Gra składa się z całej masy komponentów, toteż zacznijmy od przyjrzenia się im.

Wikingowie wpadli do kociołka z apetizerem. „Uczta dla Odyna” – recenzja gry planszowej

Tekturowy zawrót głowy

Uwierzcie mi, duże pudło jest wypchane po brzegi. Przed pierwszą rozgrywką należy zarezerwować sobie godzinę na wypchnięcie wszystkich tokenów z wypraski i posortowanie ich. Jest tego naprawdę sporo, na szczęście twórcy zaprojektowali plastikowe pudełeczka służące do przechowywania i sortowania dwustronnych żetonów podstawowych dóbr. Załączone wieczka gwarantują, że tokeny nie pomieszają się w transporcie. Pozostałe drobne elementy, takie jak monety czy łodzie, przechowywane są w woreczkach strunowych, których w zestawie jest aż nadmiar.

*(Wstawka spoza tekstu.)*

theorem claim8p13:
  fixes m k :: nat
  assumes "1 \<le> k" and "k \<le> m"
  shows "(\<forall>n_as. jordan_nf (phi_ab m k) n_as \<longrightarrow> max_block n_as = k + 1)
    \<and> (\<forall>N \<in> carrier_mat (m+k) (m+k). phi_ab m k * N = 1\<^sub>m (m+k) \<and> N * phi_ab m k = 1\<^sub>m (m+k) \<longrightarrow>
         (\<forall>n_as. jordan_nf N n_as \<longrightarrow> max_block n_as = k + 1))"
proof -
  have nil: "char_matrix (phi_ab m k) 1 ^\<^sub>m Suc k = 0\<^sub>m (m + k) (m + k)"
    by (rule char_matrix_phi_ab_pow_Suc_eq_0[OF assms(2)])
  have not_nil: "char_matrix (phi_ab m k) 1 ^\<^sub>m k \<noteq> 0\<^sub>m (m + k) (m + k)"
    by (rule char_matrix_phi_ab_pow_neq_0[OF assms])
  have max_block: "max_block n_as = k + 1"
    if "A \<in> carrier_mat (m + k) (m + k)" and "jordan_nf A n_as"
      and "char_matrix A 1 ^\<^sub>m Suc k = 0\<^sub>m (m + k) (m + k)"
      and "char_matrix A 1 ^\<^sub>m k \<noteq> 0\<^sub>m (m + k) (m + k)" for A n_as
    using jordan_nf_max_block_eq_nilpotency_index[OF that(1,2) _ that(3)] that(4) by simp
  show ?thesis
  proof (intro conjI allI impI ballI)
    fix n_as assume "jordan_nf (phi_ab m k) n_as"
    then show "max_block n_as = k + 1"
      using max_block phi_ab_carrier nil not_nil by blast
  next
    fix N n_as assume N: "N \<in> carrier_mat (m + k) (m + k)"
      and inv: "phi_ab m k * N = 1\<^sub>m (m + k) \<and> N * phi_ab m k = 1\<^sub>m (m + k)"
      and "jordan_nf N n_as"
    moreover have "char_matrix N 1 ^\<^sub>m Suc k = 0\<^sub>m (m + k) (m + k)"
      using char_matrix_inverse_pow_eq_0[OF phi_ab_carrier N] inv nil by blast
    moreover have "char_matrix N 1 ^\<^sub>m k \<noteq> 0\<^sub>m (m + k) (m + k)"
      using char_matrix_inverse_pow_eq_0[OF N phi_ab_carrier] inv not_nil by blast
    ultimately show "max_block n_as = k + 1"
      using max_block by blast
  qed
qed

end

Z tektury wykonano również wszelakie plansze występujące w grze. Mamy tu kafle wysp, budynków, osad, wzgórz, organizacyjne i jeden główny, na którym znajdziemy pola akcji. Po rozstawieniu zajmują one sporo miejsca, toteż przyda się duży stół. Te plansze sprawiają lekko liche wrażenie, zwłaszcza główna, gdzie zgięcie na środku dosyć szybko się wytarło. Wybrana czcionka na tych elementach również mi się nie podoba. Nie pasuje do stylu gry i lekko kłuje w oczy.

Grafiki trącą myszką, nie zostały zaktualizowane od pierwotnego wydania gry. Nie są brzydkie, ale nowe gry zawieszają poprzeczkę wysoko. Małe ikony mogą sprawiać problem osobom z poważniejszymi wadami wzroku. Zaburzenia widzenia kolorów nie powinny mieć wpływu na rozgrywkę.

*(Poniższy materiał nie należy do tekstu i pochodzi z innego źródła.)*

lemma column_sum_joint_count:
  fixes xs :: "'a::finite list"
  assumes "length xs = length ys"
  shows "column_sum (joint_count xs ys) = count (mset ys)"
  using assms
proof (induction xs ys rule: list_induct2)
  case (Cons x xs y ys)
  have "(\<Sum>a\<in>UNIV. if (a, b) = (x, y) then 1 else 0) = (if b = y then 1 else (0::nat))" for b
    by (cases "b = y") auto
  with Cons show ?case
    by (auto simp: fun_eq_iff column_sum_def sum.distrib)
qed (simp add: fun_eq_iff column_sum_def)

lemma column_sum_fun_upd_pred:
  fixes N :: "'a::finite \<times> 'b \<Rightarrow> nat"
  assumes "N (a, b) > 0"
  shows "column_sum (N((a, b) := N (a, b) - 1)) = (column_sum N)(b := column_sum N b - 1)"
proof
  fix b'
  have split: "sum f UNIV = f a + sum f (UNIV - {a})" for f :: "'a \<Rightarrow> nat"
    by (rule sum.remove) auto
  show "column_sum (N((a, b) := N (a, b) - 1)) b' = ((column_sum N)(b := column_sum N b - 1)) b'"
    using assms split[of "\<lambda>a'. (N((a, b) := N (a, b) - 1)) (a', b)"] split[of "\<lambda>a'. N (a', b)"]
    by (auto simp: column_sum_def)
qed

lemma prod_fact_fun_upd_pred:
  fixes N :: "'c::finite \<Rightarrow> nat"
  assumes "N p > 0"
  shows "(\<Prod>q\<in>UNIV. fact (N q)) = N p * (\<Prod>q\<in>UNIV. fact ((N(p := N p - 1)) q) :: nat)"
proof -
  have split: "prod f UNIV = f p * prod f (UNIV - {p})" for f :: "'c \<Rightarrow> nat"
    by (rule prod.remove) auto
  show ?thesis
    using assms fact_reduce[OF assms, where 'a = nat]
      split[of "\<lambda>q. fact (N q)"] split[of "\<lambda>q. fact ((N(p := N p - 1)) q)"]
    by simp
qed

lemma joint_class_Cons:
  "joint_class (y # ys) N
     = (\<Union>a\<in>{a. N (a, y) > 0}. (#) a ` joint_class ys (N((a, y) := N (a, y) - 1)))"
proof (intro equalityI subsetI)
  fix xs assume "xs \<in> joint_class (y # ys) N"
  then obtain a xs' where xs: "xs = a # xs'" "length xs' = length ys" "joint_count (a # xs') (y # ys) = N"
    by (auto simp: joint_class_def length_Suc_conv)
  then have "N p = joint_count xs' ys p + (if p = (a, y) then 1 else 0)" for p
    by auto
  then have "N (a, y) > 0" "joint_count xs' ys = N((a, y) := N (a, y) - 1)"
    by (auto simp: fun_eq_iff)
  with xs show "xs \<in> (\<Union>a\<in>{a. N (a, y) > 0}. (#) a ` joint_class ys (N((a, y) := N (a, y) - 1)))"
    by (auto simp: joint_class_def)
qed (auto simp: joint_class_def fun_eq_iff)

Dużo elementów wykonano z drewna. Mamy tu do dyspozycji znaczniki wikingów, surowców i dwa pomocnicze. Te elementy mi się podobają, nie są to typowe meple i wyglądają ładnie. Jakość wykonania naprawdę porządna.

Wikingowie wpadli do kociołka z apetizerem. „Uczta dla Odyna” – recenzja gry planszowej

W pudełku znajdziemy również karty. Są to trzy talie pomocników oraz zestaw broni. Tutaj nie mam nic do zarzucenia, wygląda lepiej i wszystko jest czytelne. Jakość w porządku.

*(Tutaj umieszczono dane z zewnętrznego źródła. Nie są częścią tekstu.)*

lemma mat_sqrt:
  assumes "pos_semidef P"
  shows "pos_semidef (mat_sqrt P)" "mat_sqrt P ** mat_sqrt P = P"
proof -
  have "\<exists>!R. pos_semidef R \<and> R ** R = P"
    using pos_semidef_sqrt_exists[OF assms] pos_semidef_sqrt_unique[OF assms] by metis
  from theI'[OF this] show "pos_semidef (mat_sqrt P)" "mat_sqrt P ** mat_sqrt P = P"
    unfolding mat_sqrt_def by auto
qed

section \<open>Relatively small perturbations\<close>

lemma quadratic_form_le_relative_spec_norm:
  assumes K: "pos_def K"
  shows "x \<bullet> (S *v x)
    \<le> spec_norm (mat_sqrt (matrix_inv K) ** S ** mat_sqrt (matrix_inv K)) * (x \<bullet> (K *v x))"
proof -
  define R where "R = mat_sqrt (matrix_inv K)"
  define M where "M = R ** S ** R"
  have R: "pos_semidef R" "R ** R = matrix_inv K"
    using mat_sqrt[OF pos_def_imp_pos_semidef[OF pos_def_matrix_inv[OF K]]] by (simp_all add: R_def)
  have symR: "symmetric_mat R" using R(1) unfolding pos_semidef_def by simp
  define y where "y = R *v (K *v x)"
  have "R *v y = (R ** R) *v (K *v x)" by (simp add: y_def matrix_vector_mul_assoc matrix_mul_assoc)
  then have Ry: "R *v y = x"
    using invertible_matrix_inv_mult_vector(2)[OF pos_def_invertible[OF K]] by (simp add: R(2))
  have "x \<bullet> (S *v x) = (R *v y) \<bullet> (S *v (R *v y))" by (simp add: Ry)
  also have "\<dots> = y \<bullet> (R *v (S *v (R *v y)))" by (rule symmetric_mat_inner[OF symR, symmetric])
  also have "\<dots> = y \<bullet> (M *v y)" by (simp add: M_def matrix_vector_mul_assoc matrix_mul_assoc)
  also have "\<dots> \<le> norm y * norm (M *v y)" by (rule norm_cauchy_schwarz)
  also have "\<dots> \<le> norm y * (spec_norm M * norm y)"
    unfolding spec_norm_def by (intro mult_left_mono onorm) simp_all
  also have "\<dots> = spec_norm M * (y \<bullet> y)" by (simp add: power2_eq_square power2_norm_eq_inner[symmetric])
  also have "y \<bullet> y = x \<bullet> (K *v x)"
    using symmetric_mat_inner[OF symR, of "K *v x" y, folded y_def] by (simp add: Ry inner_commute)
  finally show ?thesis by (simp add: M_def R_def)
qed

lemma extreme_eigenvalues_add_pos_semidef:
  fixes K S :: "real^'n^'n"
  defines "\<eta> \<equiv> spec_norm (mat_sqrt (matrix_inv K) ** S ** mat_sqrt (matrix_inv K))"
  assumes Kpd: "pos_def K" and S: "pos_semidef S" and \<sigma>: "0 < \<sigma>"
  shows "lambda_max (K + \<sigma> *\<^sub>R mat 1) \<le> lambda_max (K + S + \<sigma> *\<^sub>R mat 1)"
    and "lambda_min (K + \<sigma> *\<^sub>R mat 1) \<le> lambda_min (K + S + \<sigma> *\<^sub>R mat 1)"
    and "lambda_max (K + S + \<sigma> *\<^sub>R mat 1) \<le> (1 + \<eta>) * lambda_max (K + \<sigma> *\<^sub>R mat 1)"
proof -
  let ?A = "K + \<sigma> *\<^sub>R mat 1" and ?B = "K + S + \<sigma> *\<^sub>R mat 1"
  have K: "pos_semidef K" using Kpd by (rule pos_def_imp_pos_semidef)
  have A: "symmetric_mat ?A" and B: "symmetric_mat ?B"
    using pos_def_add_scaleR_mat1[OF K \<sigma>] pos_def_add_scaleR_mat1[OF pos_semidef_add[OF K S] \<sigma>]
    by (simp_all add: pos_def_def)
  have "0 \<le> \<eta>" unfolding \<eta>_def spec_norm_def by (rule onorm_pos_le) simp
  have qA: "x \<bullet> (?A *v x) = x \<bullet> (K *v x) + \<sigma> * (x \<bullet> x)"
    and qB: "x \<bullet> (?B *v x) = x \<bullet> (K *v x) + x \<bullet> (S *v x) + \<sigma> * (x \<bullet> x)" for x
    unfolding inner_add_scaleR_mat1_mult_vector
    by (simp_all add: matrix_vector_mult_add_rdistrib inner_add_right)
  have A_le_B: "x \<bullet> (?A *v x) \<le> x \<bullet> (?B *v x)" for x
    using S unfolding qA qB pos_semidef_def by simp
  have B_le_A: "x \<bullet> (?B *v x) \<le> (1 + \<eta>) * (x \<bullet> (?A *v x))" for x
    using quadratic_form_le_relative_spec_norm[OF Kpd, of x S, folded \<eta>_def]
      mult_nonneg_nonneg[OF \<open>0 \<le> \<eta>\<close>, of "\<sigma> * (x \<bullet> x)"] \<sigma>
    unfolding qA qB by (simp add: algebra_simps)
  show "lambda_max ?A \<le> lambda_max ?B"
    using A_le_B rayleigh_quotient_bounds(2)[OF B] by (intro lambda_max_leI[OF A]) (rule order_trans)
  show "lambda_min ?A \<le> lambda_min ?B"
    using A_le_B rayleigh_quotient_bounds(1)[OF A] by (intro lambda_min_geI[OF B]) (rule order_trans)
  show "lambda_max ?B \<le> (1 + \<eta>) * lambda_max ?A"
  proof (rule lambda_max_leI[OF B])
    fix x
    have "(1 + \<eta>) * (x \<bullet> (?A *v x)) \<le> (1 + \<eta>) * (lambda_max ?A * (x \<bullet> x))"
      using rayleigh_quotient_bounds(2)[OF A] \<open>0 \<le> \<eta>\<close> by (intro mult_left_mono) simp_all
    with B_le_A[of x] show "x \<bullet> (?B *v x) \<le> (1 + \<eta>) * lambda_max ?A * (x \<bullet> x)"
      by (simp add: mult.assoc)
  qed
qed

Jeśli chodzi o papierowe elementy, to znajdziemy również trzy książeczki. Jest to instrukcja, dodatek do niej, oraz almanach. Ta pierwsza dobrze spełnia swoje zadanie i poznanie reguł nie sprawia problemów, aczkolwiek wymaga sporo czasu. Gra jest jednak po prostu złożona. Szukanie konkretnych informacji w instrukcji stanowi wyzwanie, dlatego dostajemy do niej dodatek, prezentujący skrót zasad oraz wyjaśnienie wszystkich kart w grze. Bardzo dobry ruch twórców. Ostatnia książeczka to almanach, tłumaczący definicje i prezentujący tło historyczne elementów występujących w grze. Można się z niego dowiedzieć wielu ciekawych informacji, aczkolwiek nie wiem, jaki procent graczy do niego w ogóle zajrzy. Inicjatywa jednak słuszna, chwalę.

Ostatnie elementy w grze to dwie kości, ośmiościenna i dwunastościenna. Są bardzo typowe, w klasycznym „sklepowym” kolorze pomarańczowym i niebieskim. Nie mam nic do powiedzenia na temat kości, w przeciwieństwie do Juliusza Cezara ?.

Pudełko nie posiada żadnego insertu i komponenty po prostu wrzuca się w woreczkach do środka. Lekko obijają się o siebie w transporcie, ale w moim egzemplarzu nic się jeszcze nie uszkodziło, pomimo kilku kursów w bagażniku.

Ogólnie nie jest źle, ale widziałem lepiej prezentujące się gry. Nie szata jednak określa planszówkę, a liczba razy, kiedy wygrałem.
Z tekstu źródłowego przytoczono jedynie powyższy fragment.